This story originally appeared on KUT.
In the last few years, the face of immigration from Latin America has changed: it’s become predominantly Central American.
The language spoken has changed as well. It’s still mostly Spanish speakers, but there are also more and more speakers of Mayan languages spoken in Guatemala, Belize and Southern Mexico. Millions of people speak Mayan languages across the world, but the U.S. will face a shortage of translators.
On a sunny Austin day, in a dark living room of a shelter for migrant women and children, Hilda Velazques is wrapping up a conversation with her sister.
She’s speaking Mam, a Mayan dialect spoken in Guatemala. Schools in the U.S. mostly teach a simple narrative about the Mayan empire: it flourished in Central America, then collapsed mysteriously around the ninth century. That’s true — archaeologists believe it was likely a drought or a plague, or both.
Professor Sergio Romero, who teaches Mayan languages at the University of Texas, says the descendants of Mayans live today, and so do their languages.
He teaches three of them, but there are over 30 Mayan languages and an estimated six million speakers —mostly in Guatemala, Belize and Southern Mexico.
Many of them are completely different from each other. As Central America becomes the primary source for immigration, there are more Mayan speakers coming into the U.S., but a shortage of translators.

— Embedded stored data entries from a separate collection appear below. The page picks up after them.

definition phi_contraction :: "(real \<Rightarrow> real) \<Rightarrow> ('a::metric_space \<Rightarrow> 'a) \<Rightarrow> bool" where
  "phi_contraction \<phi> f \<longleftrightarrow> (\<forall>x y. dist (f x) (f y) \<le> \<phi> (dist x y))"

fun lcomp :: "(nat \<Rightarrow> 'b \<Rightarrow> 'b) \<Rightarrow> nat \<Rightarrow> 'b \<Rightarrow> 'b" where
  "lcomp g 0 = id"
| "lcomp g (Suc k) = lcomp g k \<circ> g (Suc k)"

definition hutch :: "nat \<Rightarrow> (nat \<Rightarrow> nat \<Rightarrow> 'a \<Rightarrow> 'a) \<Rightarrow> nat \<Rightarrow> 'a set \<Rightarrow> 'a set" where
  "hutch n f i A = (\<Union>r\<in>{1..n}. f r i ` A)"

definition maxphi :: "nat \<Rightarrow> (nat \<Rightarrow> nat \<Rightarrow> real \<Rightarrow> real) \<Rightarrow> nat \<Rightarrow> real \<Rightarrow> real" where
  "maxphi n \<phi> i t = Max ((\<lambda>r. \<phi> r i t) ` {1..n})"

text \<open>Hausdorff metric on nonempty compact sets: h(A,B) = max(max_{x\<in>A} min_{y\<in>B} d(x,y),
  max_{y\<in>B} min_{x\<in>A} d(x,y)); for nonempty compact A, B the max/min are attained, so
  they coincide with Sup/infdist used here.\<close>
definition hausdist :: "'a::metric_space set \<Rightarrow> 'a set \<Rightarrow> real" where
  "hausdist A B = max (SUP x\<in>A. infdist x B) (SUP y\<in>B. infdist y A)"

end

theory Submission
  imports Defs
begin
lemma kron_apply_constant_blocks:
  assumes "L *v vec 1 = 0"
  shows "kron_apply L D (\<chi> i. w) = 0"
proof -
  have "(\<Sum>j\<in>UNIV. L $ i $ j) = 0" for i
    using arg_cong[OF assms, of "\<lambda>v. v $ i"] by (simp add: matrix_vector_mult_def)
  then show ?thesis
    by (simp add: kron_apply_def vec_eq_iff flip: scaleR_sum_left)
qed

lemma kron_apply_Euler_step_component:
  assumes "is_diag D"
  shows "(x - h *\<^sub>R kron_apply L D x) $ i $ k
    = (\<Sum>j\<in>UNIV. ((if i = j then 1 else 0) - h * D $ k $ k * L $ i $ j) * x $ j $ k)"
proof -
  have "(x - h *\<^sub>R kron_apply L D x) $ i $ k = x $ i $ k - (\<Sum>j\<in>UNIV. h * D $ k $ k * L $ i $ j * x $ j $ k)"
    by (simp add: kron_apply_def sum_component matrix_vector_mult_diag[OF assms] sum_distrib_left
        algebra_simps)
  also have "\<dots> = (\<Sum>j\<in>UNIV. ((if i = j then 1 else 0) - h * D $ k $ k * L $ i $ j) * x $ j $ k)"
    by (simp add: left_diff_distrib sum_subtractf if_distrib[of "\<lambda>c. c * _"] cong: if_cong)
  finally show ?thesis .
qed

lemma norm_pQ_Euler_step_le:
  assumes "is_diag D" and "\<forall>k. 0 \<le> D $ k $ k" and "is_diag Q" and "1 \<le> p"
    and "transpose L = L" and "\<forall>i j. i \<noteq> j \<longrightarrow> L $ i $ j \<le> 0" and "L *v vec 1 = 0"
    and "0 \<le> h" and "\<forall>k i. h * D $ k $ k * L $ i $ i \<le> 1"
  shows "norm_pQ p Q (x - h *\<^sub>R kron_apply L D x) \<le> norm_pQ p Q x"
proof (rule norm_pQ_doubly_stochastic_le[OF assms(3,4)])
  show "doubly_stochastic (\<lambda>i j. (if i = j then 1 else 0) - h * D $ k $ k * L $ i $ j)" for k
    using doubly_stochastic_id_minus_laplacian[OF assms(5,6,7), of "h * D $ k $ k"] assms(2,8,9)
    by simp
qed (rule kron_apply_Euler_step_component[OF assms(1)])

lemma Lim_relative_right_slope_nonpos:
  fixes g :: "real \<Rightarrow> real"
  assumes "g 0 > 0" and "((\<lambda>h. (g h - g 0) / h) \<longlongrightarrow> D) (at_right 0)"
    and "\<forall>\<^sub>F h in at_right 0. g h \<le> g 0"
  shows "Lim (at_right 0) (\<lambda>h. (g h / g 0 - 1) / h) \<le> 0"
proof -
  have slope: "(\<lambda>h. (g h / g 0 - 1) / h) = (\<lambda>h. ((g h - g 0) / h) / g 0)"
    using assms(1) by (auto simp: divide_simps)
  have lim: "((\<lambda>h. (g h / g 0 - 1) / h) \<longlongrightarrow> D / g 0) (at_right 0)"
    unfolding slope by (intro tendsto_divide assms(2) tendsto_const) (use assms(1) in auto)
  have "\<forall>\<^sub>F h in at_right 0. (g h / g 0 - 1) / h \<le> 0"
    using assms(3) eventually_at_right_less[of "0::real"]
    by eventually_elim (use assms(1) in \<open>auto simp: divide_simps\<close>)
  then have "D / g 0 \<le> 0"
    using tendsto_upperbound[OF lim] by simp
  then show ?thesis
    by (simp add: tendsto_Lim[OF _ lim])
qed

lemma Lim_kron_relative_slope_nonpos:
  fixes D Q :: "real^'n^'n" and L :: "real^'N^'N" and x :: "real^'n^'N"
  assumes "is_diag D" and "\<forall>k. D $ k $ k > 0" and "is_diag Q" and "\<forall>k. Q $ k $ k > 0"
    and "1 \<le> p" and "transpose L = L" and "\<forall>i j. i \<noteq> j \<longrightarrow> L $ i $ j \<le> 0"
    and "L *v vec 1 = 0" and "x \<noteq> 0"
  shows "Lim (at_right 0) (\<lambda>h. (norm_pQ p Q (x - h *\<^sub>R kron_apply L D x) / norm_pQ p Q x - 1) / h) \<le> 0"
proof -
  define g where "g h = norm_pQ p Q (x - h *\<^sub>R kron_apply L D x)" for h
  have g0: "g 0 > 0"
    using norm_pQ_pos[OF assms(3,4,5,9)] by (simp add: g_def)
  then obtain S where "((\<lambda>h. (g h - g 0) / h) \<longlongrightarrow> S) (at_right 0)"
    using norm_pQ_affine_right_slope_converges[OF assms(3,5), of x "- kron_apply L D x"]
    by (auto simp: g_def)
  moreover have "\<forall>\<^sub>F h in at_right 0. g h \<le> g 0"
  proof -
    have "((\<lambda>h. h * D $ k $ k * L $ i $ i) \<longlongrightarrow> 0) (at_right 0)" for k i
      by (auto intro!: tendsto_eq_intros)
    then have "\<forall>\<^sub>F h in at_right 0. h * D $ k $ k * L $ i $ i < 1" for k i
      by (rule order_tendstoD(2)) simp
    then have "\<forall>\<^sub>F h in at_right 0. \<forall>k i. h * D $ k $ k * L $ i $ i < 1"
      by (intro eventually_all_finite allI)
    then show ?thesis
      using eventually_at_right_less[of "0::real"]
      by eventually_elim (use norm_pQ_Euler_step_le[OF assms(1) _ assms(3,5-8)] assms(2)
          in \<open>force simp: g_def less_imp_le\<close>)
  qed
  ultimately show ?thesis
    using Lim_relative_right_slope_nonpos[of g, OF g0] by (simp add: g_def)
qed

theorem proposition5:
  fixes D Q :: "real^'n^'n" and L :: "real^'N^'N" and p :: ereal
  assumes "is_diag D" and "\<forall>i. D $ i $ i > 0"
    and "is_diag Q" and "\<forall>i. Q $ i $ i > 0"
    and "1 \<le> p"
    and "transpose L = L"
    and "\<forall>i j. i \<noteq> j \<longrightarrow> L $ i $ j \<le> 0"
    and "L *v vec 1 = 0"
  shows "M_plus p Q (\<lambda>u. - kron_apply L D u) = 0"
proof -
  let ?slope = "\<lambda>u v. Lim (at_right 0) (\<lambda>h::real. (norm_pQ p Q (u - v + h *\<^sub>R
      ((- kron_apply L D u) - (- kron_apply L D v))) / norm_pQ p Q (u - v) - 1) / h)"
  have step: "u - v + h *\<^sub>R ((- kron_apply L D u) - (- kron_apply L D v))
      = (u - v) - h *\<^sub>R kron_apply L D (u - v)" for u v and h :: real
    by (simp add: kron_apply_diff algebra_simps)
  have nonpos: "?slope u v \<le> 0" if "u \<noteq> v" for u v
    unfolding step using Lim_kron_relative_slope_nonpos[OF assms, of "u - v"] that by simp
  define one :: "real^'n^'N" where "one = (\<chi> i. vec 1)"
  have "one \<noteq> 0"
    by (simp add: one_def vec_eq_iff)
  moreover have "?slope one 0 = 0"
    unfolding step using norm_pQ_pos[OF assms(3,4,5) \<open>one \<noteq> 0\<close>]
    by (simp add: one_def kron_apply_constant_blocks[OF assms(8)] tendsto_Lim)
  ultimately have "0 \<in> {?slope u v | u v. u \<noteq> v}"
    by force
  then show ?thesis
    unfolding M_plus_def by (rule cSup_eq_maximum) (use nonpos in blast)
qed

end
(* Let $(G,\preceq)$ be an oriented group with positive cone $C=\{x\in G\mid\mathbf{1}\preceq x\}$, and let $H$ be a subgroup of $G$. On the quotient set $G/H=\{\overline{x}=x\cdot H\mid x\in G\}$ define $\overline{x}\sqsubseteq\overline{y}\iff x^{-1}\cdot y\in C\cdot H$. Then $(G/H,\sqsubseteq)$ is an oriented set if and only if $$(\ast)\qquad \text{for all } q,r\in G:\ \mathbf{1}\preceq q\ \wedge\ \mathbf{1}\preceq r\ \wedge\ q\cdot r\in H\implies q\in H\wedge r\in H.$$ Moreover, if $(\ast)$ holds and $H$ is a normal subgroup of $G$, then $(G/H,\sqsubseteq)$ is an oriented group.
   Context: An orientation is a reflexive, antisymmetric binary relation; an oriented set is a set with an orientation. An oriented group is a group $G$ (operation $\cdot$, neutral element $\mathbf{1}$) with an orientation $\preceq$ such that $x\preceq y$ implies $x\cdot z\preceq y\cdot z$ and $z\cdot x\preceq z\cdot y$ for all $x,y,z\in G$. *)

theory Defs
  imports "HOL-Algebra.Left_Coset"
begin

definition orientation_on :: "'b set \<Rightarrow> ('b \<Rightarrow> 'b \<Rightarrow> bool) \<Rightarrow> bool" where
  "orientation_on S R \<longleftrightarrow>
     (\<forall>x\<in>S. R x x) \<and> (\<forall>x\<in>S. \<forall>y\<in>S. R x y \<and> R y x \<longrightarrow> x = y)"

definition oriented_group :: "('a, 'c) monoid_scheme \<Rightarrow> ('a \<Rightarrow> 'a \<Rightarrow> bool) \<Rightarrow> bool" where
  "oriented_group G R \<longleftrightarrow> group G \<and> orientation_on (carrier G) R \<and>
     (\<forall>x\<in>carrier G. \<forall>y\<in>carrier G. \<forall>z\<in>carrier G.
        R x y \<longrightarrow> R (x \<otimes>\<^bsub>G\<^esub> z) (y \<otimes>\<^bsub>G\<^esub> z) \<and> R (z \<otimes>\<^bsub>G\<^esub> x) (z \<otimes>\<^bsub>G\<^esub> y))"

definition pos_cone :: "('a, 'c) monoid_scheme \<Rightarrow> ('a \<Rightarrow> 'a \<Rightarrow> bool) \<Rightarrow> 'a set" where
  "pos_cone G R = {x \<in> carrier G. R \<one>\<^bsub>G\<^esub> x}"

text \<open>The induced relation on left cosets xH: xH below yH iff inv x * y is in C H
  (expressed via representatives; it is independent of them for an oriented group).\<close>
definition quot_rel :: "('a, 'c) monoid_scheme \<Rightarrow> ('a \<Rightarrow> 'a \<Rightarrow> bool) \<Rightarrow> 'a set \<Rightarrow> 'a set \<Rightarrow> 'a set \<Rightarrow> bool" where
  "quot_rel G R H A B \<longleftrightarrow> (\<exists>x\<in>carrier G. \<exists>y\<in>carrier G.
      A = x <#\<^bsub>G\<^esub> H \<and> B = y <#\<^bsub>G\<^esub> H \<and>
      inv\<^bsub>G\<^esub> x \<otimes>\<^bsub>G\<^esub> y \<in> pos_cone G R <#>\<^bsub>G\<^esub> H)"

end

theory Submission
  imports Defs
begin

(* The relation on cosets does not depend on the representatives
   because C H is stable under multiplication by elements of H on either side: a conjugate of a
   positive element is positive, the orientation being compatible with multiplication on both
   sides. If xH and yH are related both ways, then a = inv x y
   and inv a both lie in C H; writing a = c h and inv a = c' h', the element c (h c' inv h) =
   inv (h' h) of H is a product of two positives, so the condition forces c, hence a, into H.
   Conversely, for positive q, r with q r in H, the cosets H and q H are related both ways because
   inv q = r inv (q r), so antisymmetry gives q in H and then r in H. For normal H, C H is stable
   under conjugation by all of G, which makes the relation compatible with the product of G/H. *)

lemma (in group) inv_mult_cancel_left [simp]:
  "x \<in> carrier G \<Longrightarrow> y \<in> carrier G \<Longrightarrow> inv x \<otimes> (x \<otimes> y) = y"
  by (simp add: m_assoc [symmetric])

lemma (in group) mult_inv_cancel_left [simp]:
  "x \<in> carrier G \<Longrightarrow> y \<in> carrier G \<Longrightarrow> x \<otimes> (inv x \<otimes> y) = y"
  by (simp add: m_assoc [symmetric])

lemma (in group) l_coset_eq_iff:
  assumes H: "subgroup H G" and x: "x \<in> carrier G" and y: "y \<in> carrier G"
  shows "x <# H = y <# H \<longleftrightarrow> inv x \<otimes> y \<in> H"
proof
  assume "x <# H = y <# H"
  then have "y \<in> x <# H"
    using lcos_self[OF y H] by simp
  then show "inv x \<otimes> y \<in> H"
    using subgroup.lcos_module_imp[OF H is_group x] by blast
next
  assume "inv x \<otimes> y \<in> H"
  then show "x <# H = y <# H"
    using l_repr_independence[OF _ x H] subgroup.lcos_module_rev[OF H is_group x y] by blast
qed

lemma l_coset_in_lcosets:
  fixes G (structure)
  shows "x \<in> carrier G \<Longrightarrow> x <# H \<in> lcosets H"
  unfolding LCOSETS_def by blast

lemma (in normal) lcos_sum:
  "x \<in> carrier G \<Longrightarrow> y \<in> carrier G \<Longrightarrow> (x <# H) <#> (y <# H) = (x \<otimes> y) <# H"
  using coset_eq rcos_sum by simp

lemma (in normal) LMod_eq_Mod: "G LMod H = G Mod H"
proof -
  have "lcosets H = rcosets H"
    unfolding LCOSETS_def RCOSETS_def using coset_eq by auto
  then show ?thesis
    unfolding LFactGroup_def FactGroup_def by simp
qed

definition pos_factor_closed :: "('a, 'c) monoid_scheme \<Rightarrow> ('a \<Rightarrow> 'a \<Rightarrow> bool) \<Rightarrow> 'a set \<Rightarrow> bool" where
  "pos_factor_closed G R H \<longleftrightarrow> (\<forall>q\<in>carrier G. \<forall>r\<in>carrier G.
     R \<one>\<^bsub>G\<^esub> q \<and> R \<one>\<^bsub>G\<^esub> r \<and> q \<otimes>\<^bsub>G\<^esub> r \<in> H \<longrightarrow> q \<in> H \<and> r \<in> H)"

lemma pos_factor_closedD:
  fixes G (structure)
  assumes "pos_factor_closed G R H" "q \<in> carrier G" "r \<in> carrier G" "R \<one> q" "R \<one> r" "q \<otimes> r \<in> H"
  shows "q \<in> H"
  using assms unfolding pos_factor_closed_def by blast

lemma mem_pos_cone_set_mult_iff:
  fixes G (structure)
  shows "a \<in> pos_cone G R <#> K \<longleftrightarrow> (\<exists>c\<in>carrier G. R \<one> c \<and> (\<exists>k\<in>K. a = c \<otimes> k))"
  unfolding pos_cone_def set_mult_def by auto

locale oriented_grp = group +
  fixes R :: "'a \<Rightarrow> 'a \<Rightarrow> bool"
  assumes oriented: "oriented_group G R"
begin

lemma R_refl: "x \<in> carrier G \<Longrightarrow> R x x"
  using oriented unfolding oriented_group_def orientation_on_def by blast

lemma R_mult_left_mono: "\<lbrakk>R x y; x \<in> carrier G; y \<in> carrier G; z \<in> carrier G\<rbrakk> \<Longrightarrow> R (z \<otimes> x) (z \<otimes> y)"
  using oriented unfolding oriented_group_def by blast

lemma R_mult_right_mono: "\<lbrakk>R x y; x \<in> carrier G; y \<in> carrier G; z \<in> carrier G\<rbrakk> \<Longrightarrow> R (x \<otimes> z) (y \<otimes> z)"
  using oriented unfolding oriented_group_def by blast

lemma pos_cone_conj_closed:
  assumes c: "c \<in> carrier G" "R \<one> c" and g: "g \<in> carrier G"
  shows "R \<one> (g \<otimes> c \<otimes> inv g)"
proof -
  have "R g (g \<otimes> c)"
    using R_mult_left_mono[OF c(2) _ c(1) g] g by simp
  then show ?thesis
    using R_mult_right_mono[of g "g \<otimes> c" "inv g"] c g by simp
qed

lemma pos_cone_set_mult_sandwich:
  assumes a: "a \<in> pos_cone G R <#> K" and K: "K \<subseteq> carrier G"
    and g: "g \<in> carrier G" and k: "k \<in> carrier G" and gKk: "\<And>h. h \<in> K \<Longrightarrow> g \<otimes> h \<otimes> k \<in> K"
  shows "g \<otimes> a \<otimes> k \<in> pos_cone G R <#> K"
proof -
  obtain c h where c: "c \<in> carrier G" "R \<one> c" and h: "h \<in> K" and a_eq: "a = c \<otimes> h"
    using a unfolding mem_pos_cone_set_mult_iff by blast
  have "g \<otimes> a \<otimes> k = (g \<otimes> c \<otimes> inv g) \<otimes> (g \<otimes> h \<otimes> k)"
    using c h g k K a_eq by (simp add: m_assoc subsetD)
  then show ?thesis
    unfolding mem_pos_cone_set_mult_iff
    using pos_cone_conj_closed[OF c g] gKk[OF h] c g by blast
qed

end

locale oriented_grp_subgroup = oriented_grp G R + subgroup H G
  for G (structure) and R and H
begin

lemma quot_rel_l_coset_iff:
  assumes x: "x \<in> carrier G" and y: "y \<in> carrier G"
  shows "quot_rel G R H (x <# H) (y <# H) \<longleftrightarrow> inv x \<otimes> y \<in> pos_cone G R <#> H"
proof
  assume "quot_rel G R H (x <# H) (y <# H)"
  then obtain x' y' where x': "x' \<in> carrier G" "x <# H = x' <# H"
    and y': "y' \<in> carrier G" "y <# H = y' <# H" and pos: "inv x' \<otimes> y' \<in> pos_cone G R <#> H"
    unfolding quot_rel_def by blast
  have "inv x \<otimes> x' \<in> H" "inv y' \<otimes> y \<in> H"
    using l_coset_eq_iff[OF subgroup_axioms] x y x' y' by metis+
  then have "(inv x \<otimes> x') \<otimes> (inv x' \<otimes> y') \<otimes> (inv y' \<otimes> y) \<in> pos_cone G R <#> H"
    using pos_cone_set_mult_sandwich[OF pos subset] x y x' y' by simp
  moreover have "(inv x \<otimes> x') \<otimes> (inv x' \<otimes> y') \<otimes> (inv y' \<otimes> y) = inv x \<otimes> y"
    using x y x' y' by (simp add: m_assoc)
  ultimately show "inv x \<otimes> y \<in> pos_cone G R <#> H"
    by simp
next
  assume "inv x \<otimes> y \<in> pos_cone G R <#> H"
  then show "quot_rel G R H (x <# H) (y <# H)"
    unfolding quot_rel_def using x y by blast
qed

lemma orientation_quot_rel_imp_pos_factor_closed:
  assumes orientation: "orientation_on (lcosets H) (quot_rel G R H)"
  shows "pos_factor_closed G R H"
  unfolding pos_factor_closed_def
proof (intro ballI impI)
  fix q r
  assume q: "q \<in> carrier G" and r: "r \<in> carrier G" and qr: "R \<one> q \<and> R \<one> r \<and> q \<otimes> r \<in> H"
  have "q \<in> pos_cone G R <#> H"
    unfolding mem_pos_cone_set_mult_iff using q qr by force
  then have up: "quot_rel G R H (\<one> <# H) (q <# H)"
    using quot_rel_l_coset_iff q by simp
  have "inv q = r \<otimes> inv (q \<otimes> r)"
    using q r by (simp add: inv_mult_group m_assoc)
  then have "inv q \<in> pos_cone G R <#> H"
    unfolding mem_pos_cone_set_mult_iff using r qr by auto
  then have down: "quot_rel G R H (q <# H) (\<one> <# H)"
    using quot_rel_l_coset_iff q by simp
  have "\<one> <# H = q <# H"
    using orientation up down l_coset_in_lcosets[OF monoid.one_closed[OF monoid_axioms]] l_coset_in_lcosets[OF q] unfolding orientation_on_def by simp
  then have "q \<in> H"
    using l_coset_eq_iff[OF subgroup_axioms] q by simp
  moreover have "inv q \<otimes> (q \<otimes> r) \<in> H"
    using subgroup.m_closed[OF subgroup_axioms] subgroup.m_inv_closed[OF subgroup_axioms]
      \<open>q \<in> H\<close> qr by blast
  ultimately show "q \<in> H \<and> r \<in> H"
    using q r by simp
qed

lemma pos_factor_closed_imp_mem:
  assumes closed: "pos_factor_closed G R H"
    and a: "a \<in> pos_cone G R <#> H" "inv a \<in> pos_cone G R <#> H"
  shows "a \<in> H"
proof -
  obtain c h where c: "c \<in> carrier G" "R \<one> c" and h: "h \<in> H" and a_eq: "a = c \<otimes> h"
    using a(1) unfolding mem_pos_cone_set_mult_iff by blast
  obtain c' h' where c': "c' \<in> carrier G" "R \<one> c'" and h': "h' \<in> H" and inv_a_eq: "inv a = c' \<otimes> h'"
    using a(2) unfolding mem_pos_cone_set_mult_iff by blast
  have h_carrier: "h \<in> carrier G" "h' \<in> carrier G"
    using h h' by auto
  have "c \<otimes> (h \<otimes> c' \<otimes> inv h) = a \<otimes> inv a \<otimes> inv h' \<otimes> inv h"
    using c c' h_carrier a_eq inv_a_eq by (simp add: m_assoc)
  also have "\<dots> = inv h' \<otimes> inv h"
    using c h_carrier a_eq by simp
  also have "\<dots> \<in> H"
    using h h' by (intro subgroup.m_closed[OF subgroup_axioms] subgroup.m_inv_closed[OF subgroup_axioms])
  finally have "c \<in> H"
    using pos_factor_closedD[OF closed c(1) _ c(2) pos_cone_conj_closed[OF c' h_carrier(1)]] c' h_carrier
    by simp
  then show ?thesis
    using a_eq h by simp
qed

Romero says when he’s not grading papers or planning lessons, he’s taking calls from detention centers and courts. He used to get called once in a while. He’s now getting about three cases a week.
“A lot of these people will be perfectly capable of purchasing beans or tortillas or beer at a store in Spanish,” Romero says. “But then engaging the police or working with a lawyer or declaring in front of a judge is not something they would be able to do.”
Because few universities offer instruction in Mayan languages, there’s a shortage of translators. Tulane offers K’iche and Kaqchikel; North Carolina University offers Yucatec Mayan.
“Until recently, the teaching wasn’t very rigorous,” Romero says. “There really wasn’t any attempt to make the students fluent.”
There might be another reason why courts are scrambling to find translators, and why more native Mayan speakers here in the U.S. aren’t stepping up to the task. Romero explains that it’s not a language immigrants are always proud to speak. It’s sometimes the language that gets left behind at the border, or even before that.
That was the case for nine-year-old Jayro Velazquez, who was taunted for using Mam. “They say that language is made up,” Velazquez says. “[They say] ‘your mother speaks an ugly language.'”
Hilda and Jayro have been in Texas for about a year, but he’s been trying to forget his native Mayan language for long before that. He decided to forget it when he started elementary school in Guatemala City because the bullying was so bad, his mom Hilda says.
“He started to pull away,” Hilda says. “He no longer spoke.”
Romero says this is not uncommon.
“The stereotypical poor person in Guatemala is a speaker of an indigenous language. The tremendous linguistic diversity of Guatemala is seen as a disadvantage,” he says. “It’s seen as one of the reasons why the country is so poor.”
Jayro talks to me in a still-awkward Spanish that is punctuated by the staccatos typical of many Mayan languages.
Hilda herself learned Spanish in the U.S., while she and her son were in a detention facility. They’d been caught at the border, and spent a year locked up. Nobody in there spoke Mam. She says she was placed with a translator whom she barely understood. She tried talking with her son, but he’d made up his mind to forget that language. So, another detainee taught her Spanish. Hilda herself hardly speaks Mam anymore, only over the phone, once in a while, with a sister.
After some prodding, Jayro tells me there’s this one phrase in Mam, an inside joke of sorts between him and his mom. It’s a very important phrase to know if you are a 9-year-old boy.
It means, “Scratch my back.”
“And I scratch his back,” Hilda says, in Spanish.